# Uncle Tykie's 1st annual Chili Challenge



## uncletykie (Oct 24, 2009)

Hey Guys, It's me again, I have Wi-Fi at the restaurant now so I will be on here a little more.  I am having a Benefit Chili Cook-off next saturday so I thought I post the info


1st Annual Uncle Tykie Chili Challenge
  When: October 31, 2009 cooking starts at 10:00am Final Judges table is at 2:00pm
  Where: Uncle Tykie’s parking lot
  Why: Benefit to raise money for the Ashland Community Club to be used for Summer Days
  Who: Anyone who thinks they can make good chili and wants braggin’ rights
  50/50 Prize Pool.  50% of all entry fees will be used as Prize money, the remaining 50% of entry fees and 100% of sales of the event will be given to the Ashland Community Club.
  Live Remote with WJVO from 11:00am-1:00pm
  Celebrity Judges
  Categories: Standard Chili, Alternative chili, Hottest Chili, Appetizer, and Dessert
  Grand Champion will also get Trophy and Picture on the wall at Uncle Tykie’s

  Bring your Own Tables, chairs and cookers(i.e Turkey fryers work great) you can prep your ingredients at home but ALL FINAL ENTRIES must be Made on site and be able to be made in the Parking Lot
  $25 entry fee for 1st Category and $10 for each additional Category.
  Entry Form and Registration Fees can be turned in at Uncle Tykie’s Down Home Grill at 318 w. Fremont St. in Ashland, Or at Printers Ink uptown on the square Entries must be turned no later than 5pm October 30, 2009.

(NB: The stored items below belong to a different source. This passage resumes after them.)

lemma wsum_product_coeff:
  assumes "foldr ps_times (map \<pi> ns) ps_one \<beta> \<noteq> 0" "finite {v. \<beta> v \<noteq> 0}"
    and "\<And>n \<beta>'. n \<in> set ns \<Longrightarrow> \<pi> n \<beta>' \<noteq> 0 \<Longrightarrow> g n < wsum w \<beta>'"
  shows "sum_list (map g ns) \<le> wsum w \<beta> \<and> (ns \<noteq> [] \<longrightarrow> sum_list (map g ns) < wsum w \<beta>)"
  using assms
proof (induction ns arbitrary: \<beta>)
  case Nil
  then show ?case by (simp add: ps_one_def monom_def split: if_splits)
next
  case (Cons n ns)
  from Cons.prems(1) have "ps_times (\<pi> n) (foldr ps_times (map \<pi> ns) ps_one) \<beta> \<noteq> 0" by simp
  then obtain \<beta>\<^sub>1 where le: "\<And>v. \<beta>\<^sub>1 v \<le> \<beta> v" and head: "\<pi> n \<beta>\<^sub>1 \<noteq> 0"
    and tail: "foldr ps_times (map \<pi> ns) ps_one (\<lambda>v. \<beta> v - \<beta>\<^sub>1 v) \<noteq> 0"
    by (elim ps_times_nonzero) blast
  have "sum_list (map g ns) \<le> wsum w (\<lambda>v. \<beta> v - \<beta>\<^sub>1 v)"
    using Cons.IH[OF tail finite_support_le[OF Cons.prems(2)]] Cons.prems(3) by simp
  moreover have "g n < wsum w \<beta>\<^sub>1" using Cons.prems(3) head by simp
  ultimately show ?case using wsum_split[OF Cons.prems(2) le, of w] by simp
qed
(* Let $E$ be an $r$-round block cipher with block size $n$, and let $F:\mathbb{F}_2^n\times\mathbb{F}_2^m\to\mathbb{F}_2^n$, $F(x,k)=F_k(x)$, be its reduced version consisting of the first $r-1$ rounds, where $k$ ranges over the key space $\mathcal{K}=\mathbb{F}_2^m$ of these rounds. Run Algorithm 2 (described in the context) on $F$ with a polynomial $q(n)$ and a constant $\sigma\in(0,1)$. If Algorithm 2 outputs a truncated differential $(a,b)$, then, except with probability negligible in $n$, there exists a subset $\mathcal{K}'\subseteq\mathcal{K}$ with $|\mathcal{K}'|/|\mathcal{K}|>1-\frac{1}{q(n)}$ such that for every $k\in\mathcal{K}'$, $$\frac{\big|\{x\in\mathbb{F}_2^n : F_k(x\oplus a)\oplus F_k(x)\text{ matches } b\}\big|}{2^n}>1-\sigma .$$
   Context: Notation: $\oplus$ is bitwise XOR, $+$ is addition in $\mathbb{F}_2$, $u\cdot w$ is the standard inner product over $\mathbb{F}_2$. Write $F=(F_1,\dots,F_n)$ with component Boolean functions $F_j:\mathbb{F}_2^{n+m}\to\mathbb{F}_2$ (input $z=(x,k)$). Walsh spectrum: for $f:\mathbb{F}_2^N\to\mathbb{F}_2$, $S_f(\omega)=2^{-N}\sum_{x\in\mathbb{F}_2^N}(-1)^{f(x)+\omega\cdot x}$. Running the Bernstein–Vazirani (BV) algorithm on $f$ (implemented by the attacker's own quantum circuit) returns a vector $\omega\in\mathbb{F}_2^N$ with probability $S_f(\omega)^2$; distinct runs are independent. Truncated differential: a pair $(a,b)$ with $a\in\mathbb{F}_2^n$ and $b=(b_1,\dots,b_n)\in\{0,1,\times\}^n$; positions $j$ with $b_j\ne\times$ are "predicted". A vector $d\in\mathbb{F}_2^n$ matches $b$ if $d_j=b_j$ for every predicted position $j$. Algorithm 2 (parameters: polynomial $q(n)$, constant $\sigma$; set $p(n)=\frac{1}{2\sigma^2}q(n)^2n^3$): 1. For each $j=1,\dots,n$: run BV on $F_j$ independently $p(n)$ times, obtaining $\omega\in\mathbb{F}_2^{n+m}$; let $H_j$ be the set of truncations $(\omega_1,\dots,\omega_n)$ of these outputs. For $i\in\{0,1\}$ let $A_j^i=\{x\in\mathbb{F}_2^n : x\cdot\omega=i\ \forall\omega\in H_j\}$ and $A_j=A_j^0\cup A_j^1$. 2. For $t=n,n-1,\dots,1$: if $2^t(1-\sigma)\le 1$, output "No" and stop. Otherwise, if there are distinct indices $j_1,\dots,j_t$ with $A_{j_1}\cap\dots\cap A_{j_t}\supsetneq\{\mathbf 0\}$, choose any nonzero $a$ in this intersection, set $b_j=i_j$ for $j\in\{j_1,\dots,j_t\}$, where $i_j$ is such that $a\in A_j^{i_j}$, and $b_j=\times$ otherwise; output $(a,b)$ and stop. If the loop ends, output "No". A probability is negligible in $n$ if it is bounded by a function of $n$ that is eventually smaller than $1/\mathrm{poly}(n)$ for every polynomial; probabilities are over the randomness of the BV measurements. *)

theory Defs
  imports "HOL-Probability.Probability" "HOL-Computational_Algebra.Polynomial"
begin

text \<open>Vectors of F_2^N are boolean lists of length N; True = 1.\<close>

definition vecs :: "nat \<Rightarrow> bool list set" where
  "vecs N = {xs. length xs = N}"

  NAME:____________________________

  Address:___________________________

  Phone:_____________________________

  Categories entering:__________________________


----------



## fire it up (Oct 24, 2009)

Glad you got wi-fi in the Q joint and will be on the site a bit more often, still putting in those loooooong hours?

Be sure to get some pics of the chili cook off, should be interesting.
Would love to show and enter my burnt ends chipotle chili but alas I am in in New Joisey and that is a long drive.


----------



## uncletykie (Oct 24, 2009)

I am not putting in as many, I have a really good crew now and it is nothing for me to leave and let them close and everything be A-OK.  Lord knows how important good reliable help is needed to be successful.  

That description of your chili sounds AWESOME, would love to try it out sometime


----------



## rivet (Oct 24, 2009)

Hey good luck to you and your chili contest! Wish I could be there, but work gets in the way 
	

	
	
		
		



		
			






Keep us posted!


----------



## mballi3011 (Oct 24, 2009)

I really wish we could make it this year but I'm not really sure where petersburg is.


----------



## beer-b-q (Oct 24, 2009)

Good Luck on the Chili Contest...


----------



## irishteabear (Oct 24, 2009)

Good luck with it!  I'm glad your busines is doing well.


----------



## sumosmoke (Oct 24, 2009)

Can't wait to see some pics of the entries! Chili season is here (for most of us) and I bet the pics will give us something to drool over


----------



## rickw (Oct 26, 2009)

Wish I could make it. Good luck with the cook off.


----------



## meat hunter (Oct 27, 2009)

UncleTykie, man I have not seen you here in ages. Hope all is going well for you. Last post I remember, you were still in the works of getting your business ready to open. Looks like you did, congrats. Sounds like its going well for you, I'm glad. I know running a business is allot of work and devotion, but you gotta poke your head in here more often 
	

	
	
		
		



		
		
	


	





.

Wish I could be there for the chili cookoff, sounds like it would be allot of fun.


----------



## zjaybird (Nov 3, 2009)

Hmmm.....chili and smoking meat.   That could be a great combination.  Has anybody used smoked meat in their chili and made it work?  Sorry if this has been asked before, but I am going to use my get out of trouble NEWBIE badge as long as I  can.


----------



## jimmyray (Nov 16, 2009)

works just fine adds a little tast that make everyone ask....just dont add a bag a of sugar....


----------



## plj (Nov 16, 2009)

Ok, that was funny
	

	
	
		
		



		
		
	


	





Sounds like a great idea, if I were closer I'd bring some venison chili.


----------